TASK TO COMPLETE → The records follow. Filter them to the lines that hold "intro".
━━━━━━━━
(* Let $Y_1=1$ and, for $n\ge2$, $Y_n=\lfloor (n+I)/2\rfloor$ where $I$ is a Bernoulli$(1/2)$ random variable, and let $X_n$ be the number of rounds of the associated leader election process ($X_1=0$, $X_n\overset d=X_{Y_n}+1$ with independent $Y_n$). Then for all $n\ge1$ and all $k\in\mathbb Z$, $\Pr(X_n\le k)=F(k-\log_2 n)$ exactly, where $F(x)=0$ for $x\le-1$, $F(x)=2-2^{-x}$ for $-1\le x\le0$, $F(x)=1$ for $x\ge0$. Moreover $\mathbb E X_n=\log_2 n+\phi(n)$ exactly for $n\ge1$, where $\phi(2^x)=2^{x-\lfloor x\rfloor}-(x-\lfloor x\rfloor)-1$.
   Context: The process: starting with $N_0=n$ players, $N_{k+1}$ has the law of $Y_{N_k}$ given the past, and $X_n=\min\{k:N_k=1\}$. *)

theory Defs
  imports "HOL-Probability.Probability"
begin

definition Ylaw :: "nat \<Rightarrow> nat pmf" where
  "Ylaw n = (if n = 1 then return_pmf 1
             else map_pmf (\<lambda>b. (n + of_bool b) div 2) (bernoulli_pmf (1/2)))"

lemma Ylaw_less: "2 \<le> n \<Longrightarrow> m \<in> set_pmf (Ylaw n) \<Longrightarrow> m < n"
  by (auto simp: Ylaw_def)

text \<open>Law of X_n: X_1 = 0 and X_n =d X_{Y_n} + 1 (Y_n independent).
  The value at n = 0 is an irrelevant convention.\<close>
function Xlaw :: "nat \<Rightarrow> nat pmf" where
  "Xlaw n = (if n \<le> 1 then return_pmf 0
             else bind_pmf (Ylaw n) (\<lambda>m. map_pmf Suc (Xlaw m)))"
  by auto
termination
  by (relation "Wellfounded.measure id") (auto intro: Ylaw_less)

definition F :: "real \<Rightarrow> real" where
  "F x = (if x \<le> -1 then 0 else if x \<le> 0 then 2 - 2 powr (-x) else 1)"

definition phi :: "nat \<Rightarrow> real" where
  "phi n = (let x = log 2 (real n); t = x - real_of_int \<lfloor>x\<rfloor> in 2 powr t - t - 1)"

end

theory Submission
  imports Defs
begin

(*
  Write G n k = max 0 (min 1 (2 - n / 2^k)) for the clamped piecewise
  linear profile.  Unfolding the recursion once, P(X_n \<le> k+1) is the average of
  P(X_{ceil(n/2)} \<le> k) and P(X_{floor(n/2)} \<le> k); G satisfies the same
  averaging identity, because ceil(n/2)/2^k and floor(n/2)/2^k never lie on
  different sides of a kink (1 or 2) of the profile.  Strong induction on n gives
  P(X_n \<le> k) = G n k, and G n k = F (k - log2 n) by a change of variables.
  For 2^m \<le> n < 2^(m+1) the profile is 0 below m and 1 from m+1 on, so X_n is
  supported on {m, m+1} with P(X_n \<le> m) = 2 - n/2^m; hence
  E X_n = m - 1 + n/2^m, which is exactly log2 n + phi n.
*)

text \<open>The defining equation of Xlaw would make the simplifier loop; it is unfolded
  only explicitly.\<close>
declare Xlaw.simps[simp del]

lemma prob_bind_bernoulli_half:
  fixes f :: "bool \<Rightarrow> 'a pmf"
  shows "measure_pmf.prob (bind_pmf (bernoulli_pmf (1/2)) f) A
     = (measure_pmf.prob (f True) A + measure_pmf.prob (f False) A) / 2"
proof -
  let ?a = "measure_pmf.prob (f True) A" and ?b = "measure_pmf.prob (f False) A"
  have "ennreal ((?a + ?b) / 2) = (ennreal ?a + ennreal ?b) * inverse 2"
    by (simp add: divide_ennreal[symmetric] ennreal_plus divide_ennreal_def)
  then have "ennreal (measure_pmf.prob (bind_pmf (bernoulli_pmf (1/2)) f) A)
      = ennreal ((?a + ?b) / 2)"
    by (simp add: measure_pmf.emeasure_eq_measure[symmetric] emeasure_bind_pmf
        nn_integral_bernoulli_pmf) (simp add: measure_pmf.emeasure_eq_measure distrib_right)
  then show ?thesis
    by (subst (asm) ennreal_inj) auto
qed

lemma expectation_two_point:
  fixes p :: "nat pmf"
  assumes supp: "set_pmf p \<subseteq> {m, Suc m}"
  shows "measure_pmf.expectation p real = real (Suc m) - measure_pmf.prob p {x. x \<le> m}"
proof -
  have total: "pmf p m + pmf p (Suc m) = 1"
    using sum_pmf_eq_1[of "{m, Suc m}" p] supp by simp
  have "{x. x \<le> m} \<inter> set_pmf p = {m} \<inter> set_pmf p"
    using supp by auto
  then have below: "measure_pmf.prob p {x. x \<le> m} = pmf p m"
    by (metis measure_Int_set_pmf measure_pmf_single)
  have "measure_pmf.expectation p real = real m * pmf p m + real (Suc m) * pmf p (Suc m)"
    using supp by (subst integral_measure_pmf_real[of "{m, Suc m}"]) auto
  also have "\<dots> = real m * (pmf p m + pmf p (Suc m)) + pmf p (Suc m)"
    by (simp add: algebra_simps)
  finally show ?thesis
    using total below by simp
qed

lemma set_pmf_le_of_cdf_one:
  fixes p :: "nat pmf"
  assumes "measure_pmf.prob p {x. x \<le> b} = 1" "x \<in> set_pmf p"
  shows "x \<le> b"
proof -
  have "measure_pmf.prob p (UNIV - {x. x \<le> b}) = 0"
    using assms(1) measure_pmf.prob_compl[of "{x. x \<le> b}" p] by simp
  then show ?thesis
    using assms(2) by (auto simp: measure_pmf_zero_iff)
qed

lemma set_pmf_gt_of_cdf_zero:
  fixes p :: "nat pmf"
  assumes "measure_pmf.prob p {x. x \<le> a} = 0" "x \<in> set_pmf p"
  shows "a < x"
  using assms by (auto simp: measure_pmf_zero_iff)

text \<open>The candidate distribution function, before the substitution k - log2 n.\<close>
definition G :: "nat \<Rightarrow> nat \<Rightarrow> real" where
  "G n k = max 0 (min 1 (2 - real n / 2^k))"

lemma clamp_average:
  fixes x y :: real
  assumes "x \<le> y" "\<not> (x < 1 \<and> 1 < y)" "\<not> (x < 2 \<and> 2 < y)"
  shows "(max 0 (min 1 (2 - y)) + max 0 (min 1 (2 - x))) / 2 = max 0 (min 1 (2 - (x+y)/2))"
  using assms unfolding max_def min_def by (auto split: if_split) (auto simp: field_simps)

lemma G_step:
  assumes "n \<ge> 2"
  shows "(G ((n+1) div 2) k + G (n div 2) k) / 2 = G n (Suc k)"
proof (cases "even n")
  case True
  then obtain r where "n = 2*r" by blast
  then show ?thesis unfolding G_def by (simp add: field_simps)
next
  case False
  then obtain r where r: "n = 2*r+1" using oddE by blast
  define a :: real where "a = 2^k"
  have a_pos: "a > 0" unfolding a_def by simp
  obtain j where j: "a = real j" "j \<ge> 1" unfolding a_def
    by (metis of_nat_numeral of_nat_power one_le_numeral one_le_power)
  have "r + 1 \<le> j \<or> (j \<le> r \<and> r + 1 \<le> 2*j) \<or> 2*j \<le> r" by linarith
  then have cases: "real r + 1 \<le> a \<or> (a \<le> real r \<and> real r + 1 \<le> 2*a) \<or> 2*a \<le> real r"
    unfolding j by linarith
  have ordered: "real r / a \<le> (real r + 1) / a"
    using a_pos by (simp add: divide_right_mono)
  have kink1: "\<not> (real r / a < 1 \<and> 1 < (real r + 1) / a)"
    and kink2: "\<not> (real r / a < 2 \<and> 2 < (real r + 1) / a)"
    using cases a_pos by (auto simp: field_simps)
  have mid: "(real r / a + (real r + 1) / a) / 2 = real n / 2^Suc k"
    using a_pos by (simp add: r a_def field_simps)
  have "(n+1) div 2 = r+1" "n div 2 = r" using r by auto
  then show ?thesis
    using clamp_average[OF ordered kink1 kink2]
    unfolding G_def mid[symmetric] a_def by (simp add: add.commute)
qed

lemma Xlaw_unfold:
  assumes "n \<ge> 2"
  shows "Xlaw n = bind_pmf (bernoulli_pmf (1/2)) (\<lambda>b. map_pmf Suc (Xlaw ((n + of_bool b) div 2)))"
  using assms by (subst Xlaw.simps) (simp add: Ylaw_def bind_map_pmf o_def)

lemma Xlaw_cdf_G:
  assumes "n \<ge> 1"
  shows "measure_pmf.prob (Xlaw n) {x. x \<le> k} = G n k"
  using assms
proof (induction n arbitrary: k rule: less_induct)
  case (less n)
  show ?case
  proof (cases "n = 1")
    case True
    then have "Xlaw n = return_pmf 0" by (simp add: Xlaw.simps)
    moreover have "(1::real) / 2^k \<le> 1" by simp
    ultimately show ?thesis using True unfolding G_def by simp
  next
    case False
    with less.prems have n2: "n \<ge> 2" by simp
    have avg: "measure_pmf.prob (Xlaw n) {x. x \<le> k} =
      (measure_pmf.prob (Xlaw ((n+1) div 2)) (Suc -` {x. x \<le> k})
       + measure_pmf.prob (Xlaw (n div 2)) (Suc -` {x. x \<le> k})) / 2"
      unfolding Xlaw_unfold[OF n2] prob_bind_bernoulli_half by simp
    show ?thesis
    proof (cases k)
      case 0
      have "real n \<ge> 2" using n2 by simp
      moreover have "Suc -` {x. x \<le> k} = {}" using 0 by auto
      ultimately show ?thesis unfolding avg by (simp add: G_def 0)
    next
      case (Suc k')
      have preimage: "Suc -` {x. x \<le> k} = {x. x \<le> k'}" using Suc by auto
      have IH: "measure_pmf.prob (Xlaw ((n+1) div 2)) {x. x \<le> k'} = G ((n+1) div 2) k'"
               "measure_pmf.prob (Xlaw (n div 2)) {x. x \<le> k'} = G (n div 2) k'"
        using n2 by (auto intro!: less.IH)
      have "measure_pmf.prob (Xlaw n) {x. x \<le> k} = G n (Suc k')"
        unfolding avg preimage IH G_step[OF n2] ..
      then show ?thesis using Suc by simp
    qed
  qed
qed

lemma F_neg_log:
  assumes q: "q > 0"
  shows "F (- log 2 q) = max 0 (min 1 (2 - q))"
proof -
  have "- log 2 q \<le> -1 \<longleftrightarrow> 2 \<le> q" using le_log_iff[of 2 q 1] q by auto
  moreover have "- log 2 q \<le> 0 \<longleftrightarrow> 1 \<le> q" using le_log_iff[of 2 q 0] q by auto
  ultimately show ?thesis unfolding F_def using q by auto
qed

lemma G_eq_F:
  assumes "n \<ge> 1"
  shows "G n k = F (real k - log 2 (real n))"
proof -
  define q where "q = real n / 2^k"
  have q: "q > 0" using assms by (simp add: q_def)
  have "real n = q * 2^k" by (simp add: q_def)
  then have "real k - log 2 (real n) = - log 2 q"
    using q by (simp add: log_mult log_nat_power)
  then show ?thesis using F_neg_log[OF q] by (simp add: G_def q_def)
qed

lemma Xlaw_cdf:
  assumes n: "n \<ge> 1"
  shows "measure_pmf.prob (Xlaw n) {x. int x \<le> k} = F (real_of_int k - log 2 (real n))"
proof (cases "k < 0")
  case True
  have "log 2 (real n) \<ge> 0" using n by simp
  with True show ?thesis unfolding F_def by simp
next
  case False
  then obtain k' where k: "k = int k'" by (metis nonneg_int_cases not_less)
  then have "{x. int x \<le> k} = {x. x \<le> k'}" by auto
  then show ?thesis using Xlaw_cdf_G[OF n, of k'] G_eq_F[OF n, of k'] k by simp
qed

lemma Xlaw_support:
  assumes n: "n \<ge> 1" and m: "2^m \<le> n" "n < 2^Suc m"
  shows "set_pmf (Xlaw n) \<subseteq> {m, Suc m}"
proof
  fix x assume x: "x \<in> set_pmf (Xlaw n)"
  have "real n < 2^Suc m" using m(2) by (metis of_nat_less_iff of_nat_numeral of_nat_power)
  then have "measure_pmf.prob (Xlaw n) {x. x \<le> Suc m} = 1"
    unfolding Xlaw_cdf_G[OF n] G_def by simp
  then have upper: "x \<le> Suc m" using x by (rule set_pmf_le_of_cdf_one)
  have lower: "m \<le> x"
  proof (cases m)
    case (Suc m')
    have "(2::real)^m \<le> real n" using m(1) by (metis of_nat_le_iff of_nat_numeral of_nat_power)
    then have "real n / 2^m' \<ge> 2" using Suc by (simp add: field_simps)
    then have "measure_pmf.prob (Xlaw n) {x. x \<le> m'} = 0"
      unfolding Xlaw_cdf_G[OF n] G_def by simp
    then show ?thesis using x Suc set_pmf_gt_of_cdf_zero by fastforce
  qed simp
  show "x \<in> {m, Suc m}" using upper lower by auto
qed

lemma Xlaw_expectation_dyadic:
  assumes n: "n \<ge> 1" and m: "2^m \<le> n" "n < 2^Suc m"
  shows "measure_pmf.expectation (Xlaw n) real = real m - 1 + real n / 2^m"
proof -
  have "(2::real)^m \<le> real n" "real n < 2^Suc m"
    using m by (metis of_nat_le_iff of_nat_numeral of_nat_power,
                metis of_nat_less_iff of_nat_numeral of_nat_power)
  then have "1 \<le> real n / 2^m" "real n / 2^m < 2" by (simp_all add: field_simps)
  then have "measure_pmf.prob (Xlaw n) {x. x \<le> m} = 2 - real n / 2^m"
    unfolding Xlaw_cdf_G[OF n] G_def by simp
  then show ?thesis
    using expectation_two_point[OF Xlaw_support[OF assms]] by simp
qed

lemma log_plus_phi_dyadic:
  assumes n: "n \<ge> 1" and m: "2^m \<le> n" "n < 2^Suc m"
  shows "log 2 (real n) + phi n = real m - 1 + real n / 2^m"
proof -
  define q where "q = real n / 2^m"
  have q: "q > 0" using n by (simp add: q_def)
  have "real n = q * 2^m" by (simp add: q_def)
  then have lg: "log 2 (real n) = log 2 q + real m"
    using q by (simp add: log_mult log_nat_power)
  have "\<lfloor>log 2 (real n)\<rfloor> = int m"
    using floor_log_nat_eq_powr_iff[of 2 n m] m n by simp
  then have "phi n = q - log 2 q - 1"
    unfolding phi_def Let_def lg using q by simp
  then show ?thesis using lg by (simp add: q_def)
qed

theorem mainTheorem6:
  shows "(\<forall>n::nat. n \<ge> 1 \<longrightarrow> (\<forall>k::int.
            measure_pmf.prob (Xlaw n) {x. int x \<le> k} = F (real_of_int k - log 2 (real n))))
       \<and> (\<forall>n::nat. n \<ge> 1 \<longrightarrow>
            measure_pmf.expectation (Xlaw n) real = log 2 (real n) + phi n)"
proof (intro conjI allI impI)
  fix n :: nat and k :: int
  assume "n \<ge> 1"
  then show "measure_pmf.prob (Xlaw n) {x. int x \<le> k} = F (real_of_int k - log 2 (real n))"
    by (rule Xlaw_cdf)
next
  fix n :: nat
  assume n: "n \<ge> 1"
  then obtain m where m: "2^m \<le> n" "n < 2^Suc m"
    using ex_power_ivl1[of 2 n] by auto
  show "measure_pmf.expectation (Xlaw n) real = log 2 (real n) + phi n"
    using Xlaw_expectation_dyadic[OF n m] log_plus_phi_dyadic[OF n m] by simp
qed

end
━━━━━━━━
EXERCISE RESPONSE →
  by (relation "Wellfounded.measure id") (auto intro: Ylaw_less)
        using n2 by (auto intro!: less.IH)
proof (intro conjI allI impI)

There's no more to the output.